Saved data entries:
lemma hilbert_limit_not_internal:
  assumes b: "b \<in> C" and xs: "\<And>n. xs n \<in> C" and lim: "xs \<longlonglongrightarrow> x"
    and x: "x \<in> closure C" "x \<notin> C" "x \<noteq> 0" and conv: "d_converges (funk C) C b xs f"
    and g: "\<And>y. y \<in> C \<Longrightarrow> g y = r_fun C b x y + f y"
  shows "\<not> (\<exists>p\<in>C. \<forall>y\<in>C. g y = hilbert C y p - hilbert C b p)"
proof
  assume "\<exists>p\<in>C. \<forall>y\<in>C. g y = hilbert C y p - hilbert C b p"
  then obtain p where p: "p \<in> C" and g_eq: "\<forall>y\<in>C. g y = hilbert C y p - hilbert C b p"
    by blast
  have px: "p + x \<in> C"
    using add_closure_mem[OF p x(1)] .
  have "g (p + x) - g p = ln (M x (p + x)) - ln (M x p)"
    using g[OF px] g[OF p] funk_limit_translation_invariant[OF b xs lim x(1,2) conv p]
    by (simp add: r_fun_def rev_funk_def funk_def)
  also have "\<dots> \<le> 0"
    using cone_M_antimono[OF p, of 1 "p + x" x] x(1) cone_M_pos[OF px x(1,3)] by simp
  finally have "g (p + x) - g p \<le> 0" .
  moreover have "g (p + x) - g p = ln (M (p + x) p) + ln (M p (p + x)) - 2 * ln (M p p)"
    using g_eq px p by (simp add: hilbert_def funk_def)
  moreover have "0 < ln (M (p + x) p)" and "0 \<le> ln (M p (p + x))" and "ln (M p p) \<le> 0"
    using one_less_cone_M_add_left[OF p x(1,3)] one_le_cone_M_add_right[OF p x(1,2)]
      cone_M_self_le[OF p] cone_M_pos_interior[OF p p] by auto
  ultimately show False
    by linarith
qed

lemma hilbert_limit_normalised:
  assumes b: "b \<in> C" and xs: "\<And>n. xs n \<in> C" and conv: "d_converges (hilbert C) C b xs g"
  obtains ws z where "\<And>n. ws n \<in> C" "ws \<longlonglongrightarrow> z" "norm z = 1"
    "d_converges (hilbert C) C b ws g"
proof -
  define zs where "zs n = inverse (norm (xs n)) *\<^sub>R xs n" for n
  have norm_pos: "0 < norm (xs n)" for n
    using xs zero_notin_C by (metis zero_less_norm_iff)
  have zs: "zs n \<in> C" "zs n \<in> sphere 0 1" for n
    using scaleR_mem[OF _ xs] norm_pos[of n] by (auto simp: zs_def)
  obtain z r where z: "z \<in> sphere 0 1" and r: "strict_mono r" and lim: "(zs \<circ> r) \<longlonglongrightarrow> z"
    using compact_imp_seq_compact[OF compact_sphere] zs(2) unfolding seq_compact_def by meson
  have zs_eq: "hilbert C y (zs n) = hilbert C y (xs n)" if "y \<in> C" for y n
    unfolding zs_def using hilbert_scaleR_right[OF xs that] norm_pos[of n] by simp
  have "d_converges (hilbert C) C b (zs \<circ> r) g"
    unfolding d_converges_def
  proof
    fix y assume y: "y \<in> C"
    have "(\<lambda>n. hilbert C y (xs n) - hilbert C b (xs n)) \<longlonglongrightarrow> g y"
      using conv y by (simp add: d_converges_def)
    from LIMSEQ_subseq_LIMSEQ[OF this r]
    show "(\<lambda>n. hilbert C y ((zs \<circ> r) n) - hilbert C b ((zs \<circ> r) n)) \<longlonglongrightarrow> g y"
      using zs_eq[OF y] zs_eq[OF b] by (simp add: o_def)
  qed
  then show ?thesis
    using that[of "zs \<circ> r" z] zs(1) z lim by simp
qed
(* In the setting described in the context, let a stochastic Runge--Kutta method with stages $s$ and random coefficients $Z^{m,n}_{ij}$, $z^{m,n}_i$ be given, and use the same coefficients in the (local) SRK Lawson scheme and in the global SRK Lawson scheme. Then the two schemes produce the same sequence of approximations: $e^{\bar L^0_n}V^0_n=Y_n$ for all $n=0,1,\dots,N$.
   Context: Setting: $d,M\in\mathbb{N}$, $t_0<T$, grid $t_0<t_1<\dots<t_N=T$ with $h=(T-t_0)/N$, $t_n=t_0+nh$. $A_0,\dots,A_M\in\mathbb{R}^{d\times d}$ pairwise commute; $g_m:[t_0,T]\times\mathbb{R}^d\to\mathbb{R}^d$; $\gamma^\star=\tfrac12$ (Itô interpretation) or $\gamma^\star=0$ (Stratonovich interpretation). Set $\Lambda=A_0-\gamma^\star\sum_{m=1}^MA_m^2$, $\tilde g_0=g_0-2\gamma^\star\sum_{m=1}^MA_mg_m$, $\tilde g_m=g_m$ ($m\ge1$). For the SRK coefficients put $c^{n,i}_m=\sum_{j=1}^sZ^{m,n}_{ij}$, $c^n_m=\sum_{i=1}^sz^{m,n}_i$, and assume $c^n_0=h$. Stage equations are assumed uniquely solvable so that both schemes are well defined. Local SRK Lawson scheme: $Y_0=x_0$; for $n=0,\dots,N-1$, with $\Delta L^n_i=\Lambda c^{n,i}_0+\sum_{m=1}^MA_mc^{n,i}_m$ and $\Delta L^n=\Lambda c^n_0+\sum_{m=1}^MA_mc^n_m$, $H_i=Y_n+\sum_{j=1}^s\sum_{m=0}^MZ^{m,n}_{ij}e^{-\Delta L^n_j}\tilde g_m(t_n+c^{n,j}_0,e^{\Delta L^n_j}H_j)$, $V^n_{n+1}=Y_n+\sum_{i=1}^s\sum_{m=0}^Mz^{m,n}_ie^{-\Delta L^n_i}\tilde g_m(t_n+c^{n,i}_0,e^{\Delta L^n_i}H_i)$, $Y_{n+1}=e^{\Delta L^n}V^n_{n+1}$. Global SRK Lawson scheme: given $W^0\in\mathbb{R}^{M+1}$ with $W^0_0=t_0$ and $V^0_0=x_0$; for $n=0,\dots,N-1$, with $L^{0,n}_i=\Lambda(t_n+c^{n,i}_0-t_0)+\sum_{m=1}^MA_m(W^n_m+c^{n,i}_m-W^0_m)$, $H^0_i=V^0_n+\sum_{j=1}^s\sum_{m=0}^MZ^{m,n}_{ij}e^{-L^{0,n}_j}\tilde g_m(t_n+c^{n,j}_0,e^{L^{0,n}_j}H^0_j)$, $V^0_{n+1}=V^0_n+\sum_{i=1}^s\sum_{m=0}^Mz^{m,n}_ie^{-L^{0,n}_i}\tilde g_m(t_n+c^{n,i}_0,e^{L^{0,n}_i}H^0_i)$, $W^{n+1}_m=W^n_m+c^n_m$ ($m=0,\dots,M$); its output is $e^{\bar L^0_n}V^0_n$ with $\bar L^0_n=\Lambda(t_n-t_0)+\sum_{m=1}^MA_m(W^n_m-W^0_m)$. *)

theory Defs
  imports "HOL-Analysis.Analysis"
begin
(* Let $N, J \ge 1$ be integers and let $F_1,\dots,F_J:\mathbb{R}_+^N\to\mathbb{R}_+$ be upper semicontinuous, concave functions that are homogeneous of degree 1. Define $F:\mathbb{R}_+^N\to\mathbb{R}_+$ by $$F(x)=\max\Big\{\sum_{j=1}^J F_j(x_j): x_j\in\mathbb{R}_+^N \text{ for all } j,\ \sum_{j=1}^J x_j=x\Big\}.$$ Let $\Delta=\{x\in\mathbb{R}_+^N:\sum_{n=1}^N x_n=1\}$. Then $$\operatorname{hyp} F|_\Delta=\operatorname{co}\Big(\bigcup_{j=1}^J \operatorname{hyp} F_j|_\Delta\Big).$$
   Context: For a function $f:D\to\mathbb{R}$, its hypograph is $\operatorname{hyp} f=\{(x,y)\in D\times\mathbb{R}: y\le f(x)\}$; $f|_\Delta$ denotes the restriction to $\Delta$, and $\operatorname{co}A$ denotes the convex hull of a set $A$. Homogeneous of degree 1 means $F_j(\lambda x)=\lambda F_j(x)$ for all $\lambda\ge0$. *)

theory Defs
  imports "HOL-Analysis.Analysis"
begin

definition orthant :: "(real ^ 'n) set" where
  "orthant = {x. \<forall>i. 0 \<le> x $ i}"

definition simplex_Delta :: "(real ^ 'n) set" where
  "simplex_Delta = {x \<in> orthant. (\<Sum>i\<in>UNIV. x $ i) = 1}"

definition usc_on :: "'a::topological_space set \<Rightarrow> ('a \<Rightarrow> real) \<Rightarrow> bool" where
  "usc_on S f \<longleftrightarrow> (\<forall>x\<in>S. \<forall>a. f x < a \<longrightarrow> (\<forall>\<^sub>F y in at x within S. f y < a))"

definition hyp_on :: "'a set \<Rightarrow> ('a \<Rightarrow> real) \<Rightarrow> ('a \<times> real) set" where
  "hyp_on D f = {(x, y). x \<in> D \<and> y \<le> f x}"

text \<open>The sup-convolution F(x) = max { sum_j F_j(x_j) : x_j in orthant, sum_j x_j = x }
  (the maximum exists under the hypotheses; we write it as the supremum).\<close>
definition supconv :: "nat \<Rightarrow> (nat \<Rightarrow> real ^ 'n \<Rightarrow> real) \<Rightarrow> real ^ 'n \<Rightarrow> real" where
  "supconv J Fs x = Sup {(\<Sum>j<J. Fs j (xs j)) | xs.
       (\<forall>j<J. xs j \<in> orthant) \<and> (\<Sum>j<J. xs j) = x}"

**EXERCISE GOAL**
Lines containing the string "unfolding" above: how many are there? Answer with the number only.

**EXERCISE ANSWER**
3